Histopathologic diagnosis of MPNST is often difficult because it is a diverse group of heterogeneous neoplasms [19, 20]. Immunohistochemistry is used to confirm the neural origin and exclude other possible spindle cell tumors. Although we could not perform immunohistochemistry using more neurologic markers such as nerve growth factor receptor, claudin-1, or nestin [7], expression levels of S-100 protein and NSE which are highly related to neural-derived neoplasia [8, 13] were evaluated in this study. In addition, different markers are used to exclude other possible non-angiogenic, non-lymphogenic intestinal mesenchymal tumors [13]. α-SMA and desmin are used to rule out smooth muscle tumors, whereas CD117 (c-kit) and CD34 are used to rule out gastrointestinal stromal tumors [2, 8, 18, 20]. In this case, we observed positivity for S-100 protein and NSE and negativity for c-kit and α-SMA.

Current treatment of MPNST in humans is similar to that of soft tissue sarcomas (STS). Complete surgical excision with wide negative margins is treatment of choice [9, 16]. The role of adjuvant radiotherapy and chemotherapy remains controversial. However, postoperative radiotherapy is often recommended to improve local control, especially after incomplete resection. No randomized trials have assessed the efficacy of specific adjuvant chemotherapy in MPNST [5, 6, 16, 17, 24]. However, Kroep et al. compared chemotherapy for MPNST and other STSs and reported similar outcomes. The retrospective data from 12 pooled trials indicated that a doxorubicin-ifosfamide combination was associated with a lower risk of relapse and better response rate [9]. Wang et al. reported that a patient with multiple metastatic NF-1 related MPNSTs was administered combination chemotherapy with ifosfamide, carboplatin, and etoposide, known as ICE chemotherapy after the primary lesion was resected. It has been 12 years since his first visit, and he remains disease-free [25]. Chaudhary et al. described a case of a 10-year-old male dog with MPNST with NF-1 who achieved a complete response to metronomic therapy with etoposide, cyclophosphamide, and prednisolone [5].
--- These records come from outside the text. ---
lemma potential_update_bound:
  assumes p: "pos_prices p"
    and spending: "\<forall>q. pos_prices q \<longrightarrow> (\<Sum>i\<in>UNIV. q i * x i q) = M"
  shows "phi x w (update lam x w p)
           \<le> (\<Sum>i\<in>UNIV. p i * \<bar>x i p - price_factor lam (x i p) (w i) * w i\<bar>)"
proof -
  define p' where "p' = update lam x w p"
  define r where "r = intermediate_prices lam x w p"
  have pos: "pos_prices p'" "pos_prices r"
    using update_pos_prices[OF p] unfolding p'_def r_def by auto
  have "(\<Sum>i\<in>UNIV. \<bar>p' i * x i p' - p' i * w i\<bar>) \<le> (\<Sum>i\<in>UNIV. \<bar>p i * x i p - p' i * w i\<bar>)"
  proof (rule sum_abs_gap_decrease[where P = "\<lambda>i. x i p < w i" and sr = "\<lambda>i. r i * x i r"])
    show "(\<Sum>i\<in>UNIV. p' i * x i p') = (\<Sum>i\<in>UNIV. p i * x i p)"
      and "(\<Sum>i\<in>UNIV. r i * x i r) = (\<Sum>i\<in>UNIV. p i * x i p)"
      using spending p pos by auto
  qed (use deficit_spending[OF p] surplus_spending[OF p] in \<open>auto simp: p'_def r_def\<close>)
  moreover have "phi x w p' = (\<Sum>i\<in>UNIV. \<bar>p' i * x i p' - p' i * w i\<bar>)"
    using pos(1) unfolding phi_def pos_prices_def
    by (intro sum.cong refl) (metis abs_mult abs_of_pos right_diff_distrib)
  moreover have "\<bar>p i * x i p - p' i * w i\<bar> = p i * \<bar>x i p - price_factor lam (x i p) (w i) * w i\<bar>" for i
    using p unfolding p'_def update_eq pos_prices_def
    by (metis abs_mult abs_of_pos mult.assoc right_diff_distrib)
  ultimately show ?thesis unfolding p'_def by simp
qed

end

lemma gap_share_bound:
  fixes c d s y :: real
  assumes d: "2 \<le> d" and s: "0 < s" and y: "0 < y" "y \<le> d * s" and c: "0 \<le> c"
  shows "c / (d - 1) * \<bar>y - s\<bar> \<le> c * \<bar>y - s\<bar> * min 1 (s / \<bar>y - s\<bar>)"
proof (cases "y = s")
  case False
  have "2 * s \<le> d * s" using mult_right_mono[OF d] s by simp
  moreover have "(d - 1) * s = d * s - s" by (simp add: algebra_simps)
  ultimately have "\<bar>y - s\<bar> \<le> (d - 1) * s"
    using y s unfolding abs_le_iff by linarith
  then have "1 / (d - 1) \<le> min 1 (s / \<bar>y - s\<bar>)"
    using False d by (simp add: field_simps)
  then have "c * \<bar>y - s\<bar> * (1 / (d - 1)) \<le> c * \<bar>y - s\<bar> * min 1 (s / \<bar>y - s\<bar>)"
    using c by (intro mult_left_mono) simp_all
  then show ?thesis by simp
qed simp

theorem mainTheorem7:
  fixes x :: "'n::finite \<Rightarrow> ('n \<Rightarrow> real) \<Rightarrow> real"
    and w p :: "'n \<Rightarrow> real"
    and M E lam :: real
  assumes w_pos: "\<forall>i. w i > 0"
    and x_pos: "\<forall>q. pos_prices q \<longrightarrow> (\<forall>i. x i q > 0)"
    and M_pos: "M > 0"
    and spending: "\<forall>q. pos_prices q \<longrightarrow> (\<Sum>i\<in>UNIV. q i * x i q) = M"
    and WGS: "\<forall>q i j s t. pos_prices q \<and> j \<noteq> i \<and> 0 < s \<and> s \<le> t
                 \<longrightarrow> x j (q(i := s)) \<le> x j (q(i := t))"
    and elasticity: "\<forall>q i. pos_prices q \<longrightarrow> (\<exists>D.
                 ((\<lambda>t. x i (q(i := t))) has_real_derivative D) (at (q i))
                 \<and> x i q / q i \<le> - D \<and> - D \<le> E * (x i q / q i))"
    and E_ge: "E \<ge> 1"
    and lam_pos: "0 < lam" and lam_le: "lam \<le> 1/2"
    and lam_E: "lam * (2 * E - 1) \<le> 1/2"
    and p_pos: "pos_prices p"
  shows "phi x w p - phi x w (update lam x w p)
           \<ge> (\<Sum>i\<in>UNIV. lam * p i * \<bar>x i p - w i\<bar> * min 1 (w i / \<bar>x i p - w i\<bar>))
         \<and> (\<forall>d::real. d \<ge> 2 \<and> (\<forall>i. x i p \<le> d * w i)
              \<longrightarrow> phi x w (update lam x w p) \<le> (1 - lam / (d - 1)) * phi x w p)"
proof -
  have wgs: "weak_gross_substitutes x" using WGS unfolding weak_gross_substitutes_def .
  have elast: "elasticity_at_most E x" using elasticity unfolding elasticity_at_most_def by blast
  have lamE: "lam * E \<le> 1/2" using lam_E lam_le by (simp add: algebra_simps)
  have positive: "0 < w i" "0 < x i p" "0 < p i" for i
    using w_pos x_pos p_pos by (auto simp: pos_prices_def)
  define gain where "gain i = lam * p i * \<bar>x i p - w i\<bar> * min 1 (w i / \<bar>x i p - w i\<bar>)" for i
  have "p i * \<bar>x i p - w i\<bar> - p i * \<bar>x i p - price_factor lam (x i p) (w i) * w i\<bar> = gain i" for i
    using price_factor_gain[of "w i" "x i p" lam] positive lam_pos lam_le
    unfolding gain_def by (simp flip: right_diff_distrib)
  then have "phi x w p - (\<Sum>i\<in>UNIV. p i * \<bar>x i p - price_factor lam (x i p) (w i) * w i\<bar>) = sum gain UNIV"
    unfolding phi_def by (simp flip: sum_subtractf)
  then have decrease: "phi x w p - phi x w (update lam x w p) \<ge> sum gain UNIV"
    using potential_update_bound[OF w_pos x_pos wgs elast E_ge _ lam_le lamE p_pos spending] lam_pos
    by simp
  have "phi x w (update lam x w p) \<le> (1 - lam / (d - 1)) * phi x w p"
    if d: "d \<ge> 2" "\<forall>i. x i p \<le> d * w i" for d :: real
  proof -
    have "lam * p i / (d - 1) * \<bar>x i p - w i\<bar> \<le> gain i" for i
      unfolding gain_def using d positive lam_pos by (intro gap_share_bound) (auto simp: less_imp_le)
    then have "lam / (d - 1) * (p i * \<bar>x i p - w i\<bar>) \<le> gain i" for i
      by (simp add: mult.assoc)
    then have "lam / (d - 1) * phi x w p \<le> sum gain UNIV"
      unfolding phi_def sum_distrib_left by (intro sum_mono)
    then show ?thesis using decrease by (simp add: algebra_simps)
  qed
  then show ?thesis using decrease unfolding gain_def by blast
qed

end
Only a few instances of metronomic therapy as MPNST treatment have been reported for dogs and cats. Metronomic therapy with cyclophosphamide and piroxicam delays recurrence in dogs after incomplete surgical excision [3, 22]. In addition, in a cat with colonic MPNST treated with surgery and metronomic cyclophosphamide, clinical signs recurred 18 months postoperatively [2]. However, the optimal treatment for gastrointestinal MPNST remains poorly established due to its rare occurrence.

In conclusion, to our knowledge, this is the first reported case of cecum MPNST in a dog. The dog remained free of clinical signs for 12 months postoperatively without adjuvant chemotherapy.

CONFLICT OF INTEREST

The authors declare no conflict of interest with respect to publication of this manuscript.